(* Let $Q$ be a quiver whose underlying unoriented graph is a tree, and let $\mathbb V$ be an indecomposable representation of $Q$ over $\mathbb{F}_1$. Then every entry of the dimension vector $(\dim V_i)_{i\in I}$ is $0$ or $1$, the set of vertices $i$ with $\dim V_i=1$ spans a connected subgraph of $Q$, and every edge map between two one-dimensional spaces is an isomorphism. Consequently indecomposable representations of $Q$ (up to isomorphism) correspond bijectively to nonempty connected subgraphs of $Q$.
   Context: $\mathrm{Vect}_{\mathbb{F}_1}$: finite pointed sets $(V,0_V)$ with pointed maps injective on the complement of the preimage of the base point; $\dim V=|V|-1$; $V\oplus W$ is $V\sqcup W$ with base points identified. A representation $\mathbb V=(V_i,f_h)$ of a quiver $Q$ (vertices $I$, edges $E$, $h'$/$h''$ source/target) over $\mathbb{F}_1$ consists of $V_i\in\mathrm{Vect}_{\mathbb{F}_1}$ and morphisms $f_h:V_{h'}\to V_{h''}$; direct sums are vertexwise; $\mathbb V$ is indecomposable if nonzero and not a direct sum of two nonzero representations. A quiver is a tree if its underlying unoriented graph contains no cycles and no multiple edges. The dimension vector of $\mathbb V$ is $(\dim V_i)_{i\in I}$. *)

theory Defs
  imports Main
begin

text \<open>An object of Vect_F1 is a finite set V (a subset of some ambient type) with a
base point z in V. Its dimension is |V| - 1.\<close>

definition f1_space :: "'a set \<Rightarrow> 'a \<Rightarrow> bool" where
  "f1_space V z \<longleftrightarrow> finite V \<and> z \<in> V"

definition f1_dim :: "'a set \<Rightarrow> nat" where
  "f1_dim V = card V - 1"

definition f1_morph :: "'a set \<Rightarrow> 'a \<Rightarrow> 'b set \<Rightarrow> 'b \<Rightarrow> ('a \<Rightarrow> 'b) \<Rightarrow> bool" where
  "f1_morph V z W w f \<longleftrightarrow> f ` V \<subseteq> W \<and> f z = w \<and> inj_on f (V - f -` {w})"

text \<open>An isomorphism in Vect_F1: a bijective morphism (its inverse is then
automatically a morphism).\<close>

definition f1_iso :: "'a set \<Rightarrow> 'a \<Rightarrow> 'b set \<Rightarrow> 'b \<Rightarrow> ('a \<Rightarrow> 'b) \<Rightarrow> bool" where
  "f1_iso V z W w f \<longleftrightarrow> f1_morph V z W w f \<and> bij_betw f V W"

definition quiver :: "'v set \<Rightarrow> 'e set \<Rightarrow> ('e \<Rightarrow> 'v) \<Rightarrow> ('e \<Rightarrow> 'v) \<Rightarrow> bool" where
  "quiver I E src tgt \<longleftrightarrow> finite I \<and> finite E \<and> (\<forall>h\<in>E. src h \<in> I \<and> tgt h \<in> I)"

text \<open>A cycle in the underlying unoriented (multi)graph: distinct edges e_0..e_(n-1),
n >= 1, and distinct vertices v_0..v_(n-1) such that e_k joins v_k and v_(k+1 mod n).
(Loops are cycles of length 1, a pair of parallel edges a cycle of length 2.)\<close>

definition unoriented_cycle ::
  "'e set \<Rightarrow> ('e \<Rightarrow> 'v) \<Rightarrow> ('e \<Rightarrow> 'v) \<Rightarrow> 'v list \<Rightarrow> 'e list \<Rightarrow> bool" where
  "unoriented_cycle E src tgt vs es \<longleftrightarrow>
     length es \<ge> 1 \<and> length vs = length es \<and> distinct es \<and> distinct vs \<and> set es \<subseteq> E \<and>
     (\<forall>k < length es. {src (es ! k), tgt (es ! k)} = {vs ! k, vs ! ((k + 1) mod length es)})"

## WHAT NEEDS TO BE DONE
Here you need to write out the listing above exactly, from its first line to its last.

## RESULT
(* Let $Q$ be a quiver whose underlying unoriented graph is a tree, and let $\mathbb V$ be an indecomposable representation of $Q$ over $\mathbb{F}_1$. Then every entry of the dimension vector $(\dim V_i)_{i\in I}$ is $0$ or $1$, the set of vertices $i$ with $\dim V_i=1$ spans a connected subgraph of $Q$, and every edge map between two one-dimensional spaces is an isomorphism. Consequently indecomposable representations of $Q$ (up to isomorphism) correspond bijectively to nonempty connected subgraphs of $Q$.
   Context: $\mathrm{Vect}_{\mathbb{F}_1}$: finite pointed sets $(V,0_V)$ with pointed maps injective on the complement of the preimage of the base point; $\dim V=|V|-1$; $V\oplus W$ is $V\sqcup W$ with base points identified. A representation $\mathbb V=(V_i,f_h)$ of a quiver $Q$ (vertices $I$, edges $E$, $h'$/$h''$ source/target) over $\mathbb{F}_1$ consists of $V_i\in\mathrm{Vect}_{\mathbb{F}_1}$ and morphisms $f_h:V_{h'}\to V_{h''}$; direct sums are vertexwise; $\mathbb V$ is indecomposable if nonzero and not a direct sum of two nonzero representations. A quiver is a tree if its underlying unoriented graph contains no cycles and no multiple edges. The dimension vector of $\mathbb V$ is $(\dim V_i)_{i\in I}$. *)

theory Defs
  imports Main
begin

text \<open>An object of Vect_F1 is a finite set V (a subset of some ambient type) with a
base point z in V. Its dimension is |V| - 1.\<close>

definition f1_space :: "'a set \<Rightarrow> 'a \<Rightarrow> bool" where
  "f1_space V z \<longleftrightarrow> finite V \<and> z \<in> V"

definition f1_dim :: "'a set \<Rightarrow> nat" where
  "f1_dim V = card V - 1"

definition f1_morph :: "'a set \<Rightarrow> 'a \<Rightarrow> 'b set \<Rightarrow> 'b \<Rightarrow> ('a \<Rightarrow> 'b) \<Rightarrow> bool" where
  "f1_morph V z W w f \<longleftrightarrow> f ` V \<subseteq> W \<and> f z = w \<and> inj_on f (V - f -` {w})"

text \<open>An isomorphism in Vect_F1: a bijective morphism (its inverse is then
automatically a morphism).\<close>

definition f1_iso :: "'a set \<Rightarrow> 'a \<Rightarrow> 'b set \<Rightarrow> 'b \<Rightarrow> ('a \<Rightarrow> 'b) \<Rightarrow> bool" where
  "f1_iso V z W w f \<longleftrightarrow> f1_morph V z W w f \<and> bij_betw f V W"

definition quiver :: "'v set \<Rightarrow> 'e set \<Rightarrow> ('e \<Rightarrow> 'v) \<Rightarrow> ('e \<Rightarrow> 'v) \<Rightarrow> bool" where
  "quiver I E src tgt \<longleftrightarrow> finite I \<and> finite E \<and> (\<forall>h\<in>E. src h \<in> I \<and> tgt h \<in> I)"

text \<open>A cycle in the underlying unoriented (multi)graph: distinct edges e_0..e_(n-1),
n >= 1, and distinct vertices v_0..v_(n-1) such that e_k joins v_k and v_(k+1 mod n).
(Loops are cycles of length 1, a pair of parallel edges a cycle of length 2.)\<close>

definition unoriented_cycle ::
  "'e set \<Rightarrow> ('e \<Rightarrow> 'v) \<Rightarrow> ('e \<Rightarrow> 'v) \<Rightarrow> 'v list \<Rightarrow> 'e list \<Rightarrow> bool" where
  "unoriented_cycle E src tgt vs es \<longleftrightarrow>
     length es \<ge> 1 \<and> length vs = length es \<and> distinct es \<and> distinct vs \<and> set es \<subseteq> E \<and>
     (\<forall>k < length es. {src (es ! k), tgt (es ! k)} = {vs ! k, vs ! ((k + 1) mod length es)})"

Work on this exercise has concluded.